Balvinder has 15 years of experience in building large-scale custom software and big data platform solutions for complicated client problems. She has extensive experience in Analysis, Design, Architecture,
and Development of Web based Enterprise systems and Analytical systems using Agile practices like Scrum and XP. Her technical skills lie in the areas of backend development using Java and Scala, big data technologies, complex systems architectures and distributed computing.  She is one of the ThoughtLeader in BigData space and actively speaks at various conferences.
Balvinder currently works as a Data Architect and Global Data Community Lead for Thoughtworks.

QA and Agile on Big Data Projects

Great software quality standards make great software and hence quality practices are baked-in with the software delivery process itself. While application software quality and testing processes have gained maturity and there are industry standards around those, when it comes to data platforms, especially those involving ML/AI components, there is still a lot of vagueness around the process and practices.
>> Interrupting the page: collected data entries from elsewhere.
(* Consider the problem $\min_{x\in\mathbb{R}^n} f(x):=F(x)+h(x)$, where $h:\mathbb{R}^n\to\mathbb{R}\cup\{+\infty\}$ is a proper closed convex function, $F:\mathbb{R}^n\to\mathbb{R}$ is lower semicontinuous (possibly nonconvex), $\mathrm{dom}\, f=\mathrm{dom}\, h$, and there is $f_\infty>-\infty$ with $f(x)\ge f_\infty$ for all $x\in\mathrm{dom}\, f$. Fix $q\in[0,2)$, $\rho>0$, $L>0$, $\delta\ge0$ and $\beta,\zeta\in[0,1)$, and set for all $k\ge0$ $$\delta_k=\frac{\delta}{(k+1)^{\frac{\beta(2-q)}{2}}},\qquad \alpha_k=\frac{1}{(L+q\rho)(k+1)^{\zeta}}.$$ Let $x_0\in\mathrm{dom}\, h$ and let $(x_k)_{k\ge0}$ be generated by $x_{k+1}=\mathrm{prox}_{\alpha_k h}(x_k-\alpha_k g_k)$, where $\mathrm{prox}_{\gamma h}(z):=\arg\min_{y\in\mathrm{dom}\, h}\{h(y)+\tfrac{1}{2\gamma}\|z-y\|^2\}$ and at each iteration $k$ the vector $g_k$ satisfies $$F(x)-\big(F(x_k)+\langle g_k,x-x_k\rangle\big)\le \frac{L}{2}\|x-x_k\|^2+\delta_k\|x-x_k\|^q\quad\text{for all } x\in\mathrm{dom}\, f.$$ Let $p_{j+1}:=-\frac{1}{\alpha_j}(x_{j+1}-x_j)-g_j\in\partial h(x_{j+1})$. Then for all $k\ge0$, $$\min_{j=0,\dots,k}\|g_j+p_{j+1}\|^2\le \frac{2(L+q\rho)(f(x_0)-f_\infty)}{(1-\zeta)(k+1)^{1-\zeta}}+\frac{(2-q)(L+q\rho)\,\delta^{\frac{2}{2-q}}}{(1-\zeta)(1-\beta)\,\rho^{\frac{q}{2-q}}\,(k+1)^{\beta-\zeta}}.$$
   Context: $\|\cdot\|$ is the Euclidean norm and $\partial h$ the convex subdifferential of $h$. The condition on $g_k$ is the paper's "inexact first-order $(\delta_k,L)$-oracle of degree $q$" at $x_k$. *)

theory Defs
  imports "HOL-Analysis.Analysis"
begin

definition edom :: "('a \<Rightarrow> ereal) \<Rightarrow> 'a set" where
  "edom h = {x. h x < \<infinity>}"

definition proper_fun :: "('a \<Rightarrow> ereal) \<Rightarrow> bool" where
  "proper_fun h \<longleftrightarrow> (\<forall>x. h x \<noteq> -\<infinity>) \<and> (\<exists>x. h x < \<infinity>)"

definition closed_fun :: "('a::real_normed_vector \<Rightarrow> ereal) \<Rightarrow> bool" where
  "closed_fun h \<longleftrightarrow> closed {(x, t::real). h x \<le> ereal t}"

definition convex_efun :: "('a::real_vector \<Rightarrow> ereal) \<Rightarrow> bool" where
  "convex_efun h \<longleftrightarrow> (\<forall>x y t. 0 \<le> t \<and> t \<le> 1 \<longrightarrow>
      h ((1 - t) *\<^sub>R x + t *\<^sub>R y) \<le> ereal (1 - t) * h x + ereal t * h y)"

definition lsc_fun :: "('a::topological_space \<Rightarrow> real) \<Rightarrow> bool" where
  "lsc_fun F \<longleftrightarrow> (\<forall>t. closed {x. F x \<le> t})"

definition prox_set :: "real \<Rightarrow> ('a::real_normed_vector \<Rightarrow> ereal) \<Rightarrow> 'a \<Rightarrow> 'a set" where
  "prox_set \<gamma> h z = {y \<in> edom h. \<forall>w \<in> edom h.
      h y + ereal (norm (z - y)^2 / (2 * \<gamma>)) \<le> h w + ereal (norm (z - w)^2 / (2 * \<gamma>))}"

end

theory Submission
  imports Defs
begin

text \<open>
  The proximal point y of a step from x is compared with the points y + t (x - y) of the
  segment back to x; letting t tend to 0 gives h(y) <= h(x) - |y - x|^2 / alpha - <g, y - x>.
  Together with the inexact first-order bound on F, after absorbing delta_k |y - x|^q into the
  quadratic term by Young's inequality with weights q/2 and 1 - q/2 (this is where rho enters),
  this is the sufficient decrease f(x_(k+1)) <= f(x_k) - |x_(k+1) - x_k|^2 / (2 alpha_k) + C / (k+1)^beta;
  the exponent in delta_k is chosen so that delta_k^(2/(2-q)) decays like (k+1)^(-beta).
  As g_j + p_(j+1) = (x_j - x_(j+1)) / alpha_j, telescoping bounds the alpha-weighted sum of the
  squared norms, whose minimum is at most their weighted average; the sums of (j+1)^(-beta) and
  (j+1)^(-zeta) are compared with (k+1)^(1-beta) / (1-beta) and (k+1)^(1-zeta).
\<close>

lemma mult_powr_le_Young_quadratic:
  fixes d t r q :: real
  assumes "0 \<le> d" "0 \<le> t" "0 < r" "0 \<le> q" "q < 2"
  shows "d * t powr q \<le> q * r / 2 * t\<^sup>2 + (2 - q) / 2 * d powr (2 / (2 - q)) / r powr (q / (2 - q))"
proof (cases "d = 0 \<or> t = 0")
  case True
  then show ?thesis using assms by auto
next
  case False
  with assms have "0 < d" "0 < t" by auto
  define a where "a = r * t\<^sup>2"
  define b where "b = d powr (2 / (2 - q)) / r powr (q / (2 - q))"
  have Young: "a powr (q / 2) * b powr (1 - q / 2) \<le> q / 2 * a + (1 - q / 2) * b"
    using assms \<open>0 < d\<close> \<open>0 < t\<close> by (intro Youngs_inequality_0) (auto simp: a_def b_def)
  have "a powr (q / 2) = r powr (q / 2) * t powr q"
    using assms \<open>0 < t\<close> by (simp add: a_def powr_mult powr_powr flip: powr_numeral)
  moreover have "b powr (1 - q / 2) = d / r powr (q / 2)"
  proof -
    have "1 - q / 2 = (2 - q) / 2" by simp
    moreover have "2 / (2 - q) * ((2 - q) / 2) = 1" "q / (2 - q) * ((2 - q) / 2) = q / 2"
      using assms by (simp_all add: field_simps)
    ultimately show ?thesis
      using \<open>0 < d\<close> by (simp only: b_def powr_divide powr_ge_zero powr_powr) simp
  qed
  ultimately have "a powr (q / 2) * b powr (1 - q / 2) = d * t powr q"
    using assms by simp
  moreover have "q / 2 * a + (1 - q / 2) * b
      = q * r / 2 * t\<^sup>2 + (2 - q) / 2 * d powr (2 / (2 - q)) / r powr (q / (2 - q))"
    by (simp add: a_def b_def field_simps)
  ultimately show ?thesis
    using Young by linarith
qed

lemma powr_concave_tangent:
  fixes s a b :: real
  assumes "0 \<le> s" "s \<le> 1" "0 < a" "0 < b"
  shows "s * a powr (s - 1) * (a - b) \<le> a powr s - b powr s"
proof -
  have "(b / a) powr s * 1 powr (1 - s) \<le> s * (b / a) + (1 - s) * 1"
    using assms by (intro Youngs_inequality_0) auto
  then have "b powr s \<le> a powr s * (s * (b / a) + (1 - s))"
    using assms by (simp add: powr_divide divide_le_eq mult.commute)
  also have "\<dots> = a powr s - s * a powr (s - 1) * (a - b)"
    using assms by (simp add: powr_diff field_simps)
  finally show ?thesis by simp
qed

lemma sum_inverse_powr_le:
  fixes \<beta> :: real
  assumes "0 \<le> \<beta>" "\<beta> < 1"
  shows "(\<Sum>j\<le>k. 1 / (real j + 1) powr \<beta>) \<le> (real k + 1) powr (1 - \<beta>) / (1 - \<beta>)"
proof (induction k)
  case 0
  then show ?case using assms by simp
next
  case (Suc k)
  have "(1 - \<beta>) * (real k + 2) powr (1 - \<beta> - 1) * ((real k + 2) - (real k + 1))
      \<le> (real k + 2) powr (1 - \<beta>) - (real k + 1) powr (1 - \<beta>)"
    using assms by (intro powr_concave_tangent) auto
  moreover have "(real k + 2) powr (1 - \<beta> - 1) = 1 / (real k + 2) powr \<beta>"
    by (simp add: powr_minus divide_inverse)
  ultimately have "1 / (real k + 2) powr \<beta>
      \<le> ((real k + 2) powr (1 - \<beta>) - (real k + 1) powr (1 - \<beta>)) / (1 - \<beta>)"
    using assms by (simp add: le_divide_eq mult.commute)
  with Suc show ?case
    by (simp add: add.commute diff_divide_distrib)
qed

lemma sum_inverse_powr_ge:
  fixes \<zeta> :: real
  assumes "0 \<le> \<zeta>"
  shows "(real k + 1) powr (1 - \<zeta>) \<le> (\<Sum>j\<le>k. 1 / (real j + 1) powr \<zeta>)"
proof -
  have "(real k + 1) powr (1 - \<zeta>) = (\<Sum>j\<le>k. 1 / (real k + 1) powr \<zeta>)"
    by (simp add: powr_diff)
  also have "\<dots> \<le> (\<Sum>j\<le>k. 1 / (real j + 1) powr \<zeta>)"
    using assms by (intro sum_mono divide_left_mono powr_mono2) auto
  finally show ?thesis .
qed

lemma le_if_forall_le_add_scaled:
  fixes a b D :: real
  assumes "\<And>t. 0 < t \<Longrightarrow> t \<le> 1 \<Longrightarrow> a \<le> b + t * D"
  shows "a \<le> b"
proof (rule field_le_epsilon)
  fix e :: real assume "0 < e"
  define t where "t = min 1 (e / (\<bar>D\<bar> + 1))"
  have "0 < t" "t \<le> 1" using \<open>0 < e\<close> by (auto simp: t_def)
  have "t * D \<le> t * \<bar>D\<bar>"
    using \<open>0 < t\<close> by (simp add: mult_left_mono)
  also have "\<dots> \<le> e / (\<bar>D\<bar> + 1) * \<bar>D\<bar>"
    by (intro mult_right_mono) (auto simp: t_def)
  also have "\<dots> \<le> e"
    using \<open>0 < e\<close> by (simp add: field_simps)
  finally show "a \<le> b + e"
    using assms[OF \<open>0 < t\<close> \<open>t \<le> 1\<close>] by linarith
qed

lemma power2_norm_diff_scaleR:
  fixes u v :: "'a::real_inner"
  shows "norm (u - t *\<^sub>R v)^2 = norm u^2 - 2 * t * (u \<bullet> v) + t\<^sup>2 * norm v^2"
  unfolding power2_norm_eq_inner
  by (simp add: inner_diff_left inner_diff_right inner_commute power2_eq_square algebra_simps)

lemma proper_fun_edom_eq_ereal:
  assumes "proper_fun h" "x \<in> edom h"
  shows "h x = ereal (real_of_ereal (h x))"
  using assms unfolding proper_fun_def edom_def by (cases "h x") auto

lemma prox_set_descent:
  fixes h :: "'a::real_inner \<Rightarrow> ereal"
  assumes convex: "convex_efun h" and proper: "proper_fun h"
    and x: "x \<in> edom h" and \<alpha>: "0 < \<alpha>" and y: "y \<in> prox_set \<alpha> h (x - \<alpha> *\<^sub>R g)"
  shows "real_of_ereal (h y) \<le> real_of_ereal (h x) - norm (y - x)^2 / \<alpha> - g \<bullet> (y - x)"
proof -
  define z where "z = x - \<alpha> *\<^sub>R g"
  define D where "D = norm (y - x)^2"
  define c where "c = g \<bullet> (y - x)"
  define Hx Hy where "Hx = real_of_ereal (h x)" and "Hy = real_of_ereal (h y)"
  have "y \<in> edom h"
    and y_min: "\<And>w. w \<in> edom h \<Longrightarrow>
      h y + ereal (norm (z - y)^2 / (2 * \<alpha>)) \<le> h w + ereal (norm (z - w)^2 / (2 * \<alpha>))"
    using y unfolding prox_set_def z_def by auto
  have hx: "h x = ereal Hx" and hy: "h y = ereal Hy"
    unfolding Hx_def Hy_def using proper x \<open>y \<in> edom h\<close> by (auto intro: proper_fun_edom_eq_ereal)
  have inner_zy: "(z - y) \<bullet> (x - y) = D + \<alpha> * c"
    unfolding z_def D_def c_def power2_norm_eq_inner
    by (simp add: inner_diff_left inner_diff_right inner_commute algebra_simps)
  have "Hy \<le> Hx - D / \<alpha> - c + t * (D / (2 * \<alpha>))" if t: "0 < t" "t \<le> 1" for t
  proof -
    define w where "w = y + t *\<^sub>R (x - y)"
    have "h w \<le> ereal (1 - t) * h y + ereal t * h x"
      using convex t unfolding convex_efun_def w_def by (simp add: algebra_simps)
    then have hw: "h w \<le> ereal ((1 - t) * Hy + t * Hx)"
      by (simp add: hx hy)
    then have "w \<in> edom h"
      unfolding edom_def using order.strict_trans1 by fastforce
    with y_min have "h y + ereal (norm (z - y)^2 / (2 * \<alpha>)) \<le> h w + ereal (norm (z - w)^2 / (2 * \<alpha>))" .
    also have "\<dots> \<le> ereal ((1 - t) * Hy + t * Hx + norm (z - w)^2 / (2 * \<alpha>))"
      using add_right_mono[OF hw] by (simp flip: plus_ereal.simps)
    finally have min_w: "Hy + norm (z - y)^2 / (2 * \<alpha>) \<le> (1 - t) * Hy + t * Hx + norm (z - w)^2 / (2 * \<alpha>)"
      by (simp add: hy)
    have "z - w = (z - y) - t *\<^sub>R (x - y)"
      by (simp add: w_def algebra_simps)
    then have "norm (z - w)^2 = norm (z - y)^2 - 2 * t * ((z - y) \<bullet> (x - y)) + t\<^sup>2 * norm (x - y)^2"
      by (simp only: power2_norm_diff_scaleR)
    also have "\<dots> = norm (z - y)^2 - 2 * t * (D + \<alpha> * c) + t\<^sup>2 * D"
      by (simp add: inner_zy D_def norm_minus_commute)
    finally have "norm (z - w)^2 / (2 * \<alpha>)
        = norm (z - y)^2 / (2 * \<alpha>) - t * (D / \<alpha> + c) + t * (t * (D / (2 * \<alpha>)))"
      using \<alpha> by (simp add: field_simps power2_eq_square)
    with min_w have "t * Hy \<le> t * (Hx - D / \<alpha> - c + t * (D / (2 * \<alpha>)))"
      by (simp add: algebra_simps)
    then show ?thesis
      using t by simp
  qed
  then have "Hy \<le> Hx - D / \<alpha> - c"
    by (rule le_if_forall_le_add_scaled)
  then show ?thesis
    unfolding Hx_def Hy_def D_def c_def .
qed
There are complexities that arise due to inherent volume, velocity, and variety of data in data platforms. Additionally, there is ambiguity around the entire test pyramid as to what should be tested in unit tests, integration tests, and E2E (user journey) tests. These problems are further multiplied due to the absence of established testing tools like Selenium, Cypress, etc.

In this talk, we will be sharing ourinsights from data projects we had worked on as Quality Analysts.We will do so by presenting a case study and through that, we will discuss how QA (and Agile processes) specifically differs on Data Projects. At the end of this talk, you will be familiarwith several common QA practices to employ on Data Projects, which align with agile project delivery processes, and a few tools, which we used on these projects.